§ Dataset records

(* Let $G=(V,E)$ be a directed graph with $m=|E|$ edges and let $\mathcal{S}_0$ be any initial state. For every $0<\beta<1$, the convergence time $T$ of the \textsc{Random Pick} process on $G$ from $\mathcal{S}_0$ satisfies $\Pr[T\ge m/\beta]\le\beta$.
   Context: A state is a map $V\to\{b,r,u\}$ (blue, red, uncolored); colored means blue or red. \textsc{Random Pick} process: in each round $t=1,2,\dots$, every node $v$ with at least one out-neighbor picks an out-neighbor $ps_t(v)$ uniformly at random, independently; $\mathcal{S}_t(v)=\mathcal{S}_{t-1}(ps_t(v))$ if $\mathcal{S}_{t-1}(v)=u$ and $\mathcal{S}_{t-1}(ps_t(v))\ne u$, else $\mathcal{S}_t(v)=\mathcal{S}_{t-1}(v)$. A state is stable if no uncolored node has a colored out-neighbor; the convergence time is the smallest $t\ge0$ with $\mathcal{S}_t$ stable. *)

theory Defs
  imports "HOL-Probability.Probability"
begin

datatype color = Blue | Red | Uncolored

type_synonym 'v state = "'v \<Rightarrow> color"

definition colored :: "color \<Rightarrow> bool" where
  "colored c \<longleftrightarrow> c \<noteq> Uncolored"

definition out_nbrs :: "('v \<times> 'v) set \<Rightarrow> 'v \<Rightarrow> 'v set" where
  "out_nbrs E v = {w. (v, w) \<in> E}"

definition stable :: "'v set \<Rightarrow> ('v \<times> 'v) set \<Rightarrow> 'v state \<Rightarrow> bool" where
  "stable V E S \<longleftrightarrow>
     (\<forall>v\<in>V. S v = Uncolored \<longrightarrow> (\<forall>w \<in> out_nbrs E v. \<not> colored (S w)))"

definition picks :: "'v set \<Rightarrow> ('v \<times> 'v) set \<Rightarrow> ('v \<Rightarrow> 'v option) pmf" where
  "picks V E = Pi_pmf {v \<in> V. out_nbrs E v \<noteq> {}} None
                  (\<lambda>v. map_pmf Some (pmf_of_set (out_nbrs E v)))"

definition update :: "'v state \<Rightarrow> ('v \<Rightarrow> 'v option) \<Rightarrow> 'v state" where
  "update S p = (\<lambda>v. case p v of
       None \<Rightarrow> S v
     | Some w \<Rightarrow> (if S v = Uncolored \<and> colored (S w) then S w else S v))"

definition rp_step :: "'v set \<Rightarrow> ('v \<times> 'v) set \<Rightarrow> 'v state \<Rightarrow> 'v state pmf" where
  "rp_step V E S = map_pmf (update S) (picks V E)"

fun rp_traj :: "'v set \<Rightarrow> ('v \<times> 'v) set \<Rightarrow> 'v state \<Rightarrow> nat \<Rightarrow> 'v state list pmf" where
  "rp_traj V E S0 0 = return_pmf [S0]"
| "rp_traj V E S0 (Suc n) =
     bind_pmf (rp_traj V E S0 n) (\<lambda>xs. map_pmf (\<lambda>s. xs @ [s]) (rp_step V E (last xs)))"

text \<open>Probability that the convergence time T (least t with S_t stable) is at
  least x. The event T \<ge> x means: S_t is not stable for every t < x; it only
  depends on the states S_0, ..., S_N with N = nat \<lceil>x\<rceil>.\<close>
definition prob_conv_time_ge ::
  "'v set \<Rightarrow> ('v \<times> 'v) set \<Rightarrow> 'v state \<Rightarrow> real \<Rightarrow> real" where
  "prob_conv_time_ge V E S0 x =
     measure_pmf.prob (rp_traj V E S0 (nat \<lceil>x\<rceil>))
       {xs. \<forall>t < length xs. real t < x \<longrightarrow> \<not> stable V E (xs ! t)}"

end

theory Submission
  imports Defs
begin

text \<open>Count the edges whose tail is uncolored. This potential is at most \<open>m\<close>, never increases,
  and while the state is unstable it drops by at least 1 in expectation per round: some
  uncolored \<open>v\<close> has a colored out-neighbor \<open>w\<close>, picks it with probability \<open>1/deg v\<close>, and
  then all \<open>deg v\<close> edges leaving \<open>v\<close> stop counting. Hence the potential plus the number of
  unstable rounds so far is a supermartingale, which gives
  \<open>N \<cdot> Pr[S_0, \<dots>, S_(N-1) all unstable] \<le> m\<close>; take \<open>N = \<lceil>m/\<beta>\<rceil>\<close>.\<close>

definition uncolored_tail_edges :: "('v \<times> 'v) set \<Rightarrow> 'v state \<Rightarrow> ('v \<times> 'v) set" where
  "uncolored_tail_edges E S = {e \<in> E. S (fst e) = Uncolored}"

lemma card_uncolored_tail_edges_le:
  "finite E \<Longrightarrow> card (uncolored_tail_edges E S) \<le> card E"
  unfolding uncolored_tail_edges_def by (rule card_mono) auto

lemma update_colored: "colored (S v) \<Longrightarrow> update S p v = S v"
  by (auto simp: update_def colored_def split: option.splits)

lemma uncolored_tail_edges_update_subset:
  "uncolored_tail_edges E (update S p) \<subseteq> uncolored_tail_edges E S"
  unfolding uncolored_tail_edges_def using update_colored[of S] by (fastforce simp: colored_def)

lemma uncolored_tail_edges_update_pick:
  assumes "S v = Uncolored" "colored (S w)" "p v = Some w"
  shows "uncolored_tail_edges E (update S p) \<subseteq> uncolored_tail_edges E S - {v} \<times> out_nbrs E v"
proof -
  have "update S p v = S w" using assms by (simp add: update_def)
  with assms(2) uncolored_tail_edges_update_subset[of E S p] show ?thesis
    by (auto simp: uncolored_tail_edges_def colored_def)
qed

lemma card_uncolored_tail_edges_update:
  assumes "finite E" "S v = Uncolored" "colored (S w)"
  shows "card (uncolored_tail_edges E (update S p)) + (if p v = Some w then card (out_nbrs E v) else 0)
           \<le> card (uncolored_tail_edges E S)"
proof (cases "p v = Some w")
  case True
  let ?A = "uncolored_tail_edges E S" and ?B = "{v} \<times> out_nbrs E v"
  have fin: "finite ?A" using assms(1) by (simp add: uncolored_tail_edges_def)
  have "?B \<subseteq> ?A" using assms(2) by (auto simp: uncolored_tail_edges_def out_nbrs_def)
  hence "card (?A - ?B) + card ?B = card ?A"
    using fin by (metis card_Diff_subset finite_subset card_mono le_add_diff_inverse2)
  moreover have "card (uncolored_tail_edges E (update S p)) \<le> card (?A - ?B)"
    using fin uncolored_tail_edges_update_pick[of S v w p E] assms(2,3) True by (intro card_mono) auto
  moreover have "card ?B = card (out_nbrs E v)" by (simp add: card_cartesian_product_singleton)
  ultimately show ?thesis using True by simp
next
  case False
  have "finite (uncolored_tail_edges E S)" using assms(1) by (simp add: uncolored_tail_edges_def)
  with False show ?thesis by (simp add: card_mono uncolored_tail_edges_update_subset)
qed

lemma finite_out_nbrs: "finite E \<Longrightarrow> finite (out_nbrs E v)"
  unfolding out_nbrs_def by (rule finite_subset[of _ "snd ` E"]) force+

lemma prob_picks_eq:
  assumes "finite E" "v \<in> V" "w \<in> out_nbrs E v"
  shows "measure_pmf.prob (picks V E) {p. p v = Some w} = 1 / card (out_nbrs E v)"
proof -
  have dom: "finite {v \<in> V. out_nbrs E v \<noteq> {}}"
    by (rule finite_subset[of _ "fst ` E"]) (use assms(1) in \<open>force simp: out_nbrs_def\<close>)+
  have "measure_pmf.prob (picks V E) {p. p v = Some w}
          = measure_pmf.prob (map_pmf (\<lambda>p. p v) (picks V E)) {Some w}"
    by (simp add: vimage_def)
  also have "map_pmf (\<lambda>p. p v) (picks V E) = map_pmf Some (pmf_of_set (out_nbrs E v))"
    unfolding picks_def using assms(2,3) by (subst Pi_pmf_component[OF dom]) auto
  also have "measure_pmf.prob \<dots> {Some w} = pmf (pmf_of_set (out_nbrs E v)) w"
    by (simp add: vimage_def measure_pmf_single)
  also have "\<dots> = 1 / card (out_nbrs E v)"
    using assms finite_out_nbrs by (subst pmf_of_set) auto
  finally show ?thesis .
qed

lemma rp_step_drift:
  assumes "finite E" "\<not> stable V E S"
  shows "(\<integral>\<^sup>+ S'. of_nat (card (uncolored_tail_edges E S')) \<partial>rp_step V E S) + 1
           \<le> of_nat (card (uncolored_tail_edges E S))"
proof -
  obtain v w where vw: "v \<in> V" "S v = Uncolored" "w \<in> out_nbrs E v" "colored (S w)"
    using assms(2) unfolding stable_def by blast
  let ?\<Phi> = "\<lambda>S. of_nat (card (uncolored_tail_edges E S)) :: ennreal"
  let ?d = "card (out_nbrs E v)" and ?hit = "{p. p v = Some w}"
  have "?d > 0" using vw(3) finite_out_nbrs[OF assms(1)] card_gt_0_iff by blast
  hence hit: "of_nat ?d * emeasure (picks V E) ?hit = 1"
    using prob_picks_eq[OF assms(1) vw(1,3)]
    by (simp add: measure_pmf.emeasure_eq_measure ennreal_of_nat_eq_real_of_nat flip: ennreal_mult)
  have "(\<integral>\<^sup>+ S'. ?\<Phi> S' \<partial>rp_step V E S) + 1
          = (\<integral>\<^sup>+ p. ?\<Phi> (update S p) + of_nat ?d * indicator ?hit p \<partial>picks V E)"
    by (simp add: rp_step_def nn_integral_map_pmf nn_integral_add nn_integral_cmult hit)
  also have "\<dots> \<le> (\<integral>\<^sup>+ p. ?\<Phi> S \<partial>picks V E)"
  proof (rule nn_integral_mono)
    fix p
    have "of_nat (card (uncolored_tail_edges E (update S p)) + (if p v = Some w then ?d else 0))
            \<le> ?\<Phi> S"
      using card_uncolored_tail_edges_update[OF assms(1) vw(2,4)] by (simp only: of_nat_le_iff)
    then show "?\<Phi> (update S p) + of_nat ?d * indicator ?hit p \<le> ?\<Phi> S"
      by (auto split: if_splits)
  qed
  finally show ?thesis by simp
qed

definition unstable_prefix :: "'v set \<Rightarrow> ('v \<times> 'v) set \<Rightarrow> 'v state list \<Rightarrow> bool" where
  "unstable_prefix V E xs \<longleftrightarrow> (\<forall>t < length xs - 1. \<not> stable V E (xs ! t))"

lemma unstable_prefix_snoc:
  "xs \<noteq> [] \<Longrightarrow> unstable_prefix V E (xs @ [s]) \<longleftrightarrow> unstable_prefix V E xs \<and> \<not> stable V E (last xs)"
  unfolding unstable_prefix_def
  by (cases xs rule: rev_cases) (auto simp: nth_append less_Suc_eq)

lemma length_rp_traj: "xs \<in> set_pmf (rp_traj V E S0 n) \<Longrightarrow> length xs = Suc n"
  by (induction n arbitrary: xs) (auto simp: rp_step_def)

lemma nn_integral_rp_traj_supermartingale:
  assumes "finite E"
  shows "(\<integral>\<^sup>+ xs. (if unstable_prefix V E xs then of_nat (card (uncolored_tail_edges E (last xs)) + n)
                   else 0) \<partial>rp_traj V E S0 n)
         \<le> of_nat (card (uncolored_tail_edges E S0))"
proof (induction n)
  case 0
  show ?case by (simp add: unstable_prefix_def)
next
  case (Suc n)
  let ?\<Phi> = "\<lambda>S. card (uncolored_tail_edges E S)"
  let ?g = "\<lambda>n xs. if unstable_prefix V E xs then of_nat (?\<Phi> (last xs) + n) else 0 :: ennreal"
  have "(\<integral>\<^sup>+ xs. ?g (Suc n) xs \<partial>rp_traj V E S0 (Suc n))
          = (\<integral>\<^sup>+ xs. (\<integral>\<^sup>+ S. ?g (Suc n) (xs @ [S]) \<partial>rp_step V E (last xs)) \<partial>rp_traj V E S0 n)"
    by (simp add: nn_integral_map_pmf)
  also have "\<dots> \<le> (\<integral>\<^sup>+ xs. ?g n xs \<partial>rp_traj V E S0 n)"
  proof (intro nn_integral_mono_AE AE_pmfI)
    fix xs assume "xs \<in> set_pmf (rp_traj V E S0 n)"
    hence ne: "xs \<noteq> []" using length_rp_traj by fastforce
    show "(\<integral>\<^sup>+ S. ?g (Suc n) (xs @ [S]) \<partial>rp_step V E (last xs)) \<le> ?g n xs"
    proof (cases "unstable_prefix V E xs \<and> \<not> stable V E (last xs)")
      case True
      have "(\<integral>\<^sup>+ S. ?g (Suc n) (xs @ [S]) \<partial>rp_step V E (last xs))
              = (\<integral>\<^sup>+ S. of_nat (?\<Phi> S) \<partial>rp_step V E (last xs)) + 1 + of_nat n"
        using True ne by (simp add: unstable_prefix_snoc nn_integral_add add.assoc)
      also have "\<dots> \<le> of_nat (?\<Phi> (last xs)) + of_nat n"
        using rp_step_drift[OF assms] True by (intro add_right_mono) auto
      finally show ?thesis using True by simp
    next
      case False
      then show ?thesis using ne by (simp add: unstable_prefix_snoc)
    qed
  qed
  also have "\<dots> \<le> of_nat (?\<Phi> S0)" by (rule Suc.IH)
  finally show ?case .
qed

lemma prob_unstable_prefix_le:
  assumes "finite E"
  shows "real n * measure_pmf.prob (rp_traj V E S0 n) {xs. unstable_prefix V E xs} \<le> card E"
proof -
  let ?U = "{xs. unstable_prefix V E xs}"
  have "ennreal (real n * measure_pmf.prob (rp_traj V E S0 n) ?U)
          = (\<integral>\<^sup>+ xs. of_nat n * indicator ?U xs \<partial>rp_traj V E S0 n)"
    by (simp add: nn_integral_cmult_indicator measure_pmf.emeasure_eq_measure ennreal_mult
                  ennreal_of_nat_eq_real_of_nat)
  also have "\<dots> \<le> (\<integral>\<^sup>+ xs. (if unstable_prefix V E xs
                      then of_nat (card (uncolored_tail_edges E (last xs)) + n) else 0) \<partial>rp_traj V E S0 n)"
    by (intro nn_integral_mono) (simp add: indicator_def)
  also have "\<dots> \<le> of_nat (card (uncolored_tail_edges E S0))"
    by (rule nn_integral_rp_traj_supermartingale[OF assms])
  also have "\<dots> \<le> of_nat (card E)"
    using card_uncolored_tail_edges_le[OF assms] by simp
  finally show ?thesis by (simp add: ennreal_of_nat_eq_real_of_nat ennreal_le_iff)
qed

theorem theorem3p3:
  fixes V :: "'v set" and E :: "('v \<times> 'v) set" and S0 :: "'v state" and \<beta> :: real
  assumes "finite V" and "E \<subseteq> V \<times> V" and "E \<noteq> {}"
    and "0 < \<beta>" and "\<beta> < 1"
  shows "prob_conv_time_ge V E S0 (real (card E) / \<beta>) \<le> \<beta>"
proof -
  define x where "x = real (card E) / \<beta>"
  define N where "N = nat \<lceil>x\<rceil>"
  let ?M = "rp_traj V E S0 N"
  let ?Ev = "{xs. \<forall>t < length xs. real t < x \<longrightarrow> \<not> stable V E (xs ! t)}"
  have finE: "finite E" using assms(1,2) finite_subset by blast
  have "x > 0" using assms(3,4) finE by (simp add: x_def card_gt_0_iff)
  have "real t < x" if "t < N" for t
    using that by (simp add: N_def flip: not_le)
  hence "?Ev \<inter> set_pmf ?M \<subseteq> {xs. unstable_prefix V E xs}"
    unfolding unstable_prefix_def by (fastforce dest: length_rp_traj)
  hence "measure_pmf.prob ?M ?Ev \<le> measure_pmf.prob ?M {xs. unstable_prefix V E xs}"
    unfolding measure_Int_set_pmf[of ?M ?Ev, symmetric] by (rule measure_pmf.finite_measure_mono) simp
  hence "x * measure_pmf.prob ?M ?Ev \<le> real N * measure_pmf.prob ?M {xs. unstable_prefix V E xs}"
    using \<open>x > 0\<close> real_nat_ceiling_ge[of x] by (intro mult_mono) (auto simp: N_def)
  also have "\<dots> \<le> \<beta> * x"
    using prob_unstable_prefix_le[OF finE] assms(4) by (simp add: x_def)
  finally show ?thesis
    using \<open>x > 0\<close> by (simp add: prob_conv_time_ge_def N_def x_def[symmetric] mult.commute)
qed

end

§ What to work on
Among the lines of the records, copy out each one that contains the word "unfolding".

§ Completed task
  unfolding uncolored_tail_edges_def by (rule card_mono) auto
  unfolding uncolored_tail_edges_def using update_colored[of S] by (fastforce simp: colored_def)
  unfolding out_nbrs_def by (rule finite_subset[of _ "snd ` E"]) force+
    unfolding picks_def using assms(2,3) by (subst Pi_pmf_component[OF dom]) auto
    using assms(2) unfolding stable_def by blast
  unfolding unstable_prefix_def
    unfolding unstable_prefix_def by (fastforce dest: length_rp_traj)
    unfolding measure_Int_set_pmf[of ?M ?Ev, symmetric] by (rule measure_pmf.finite_measure_mono) simp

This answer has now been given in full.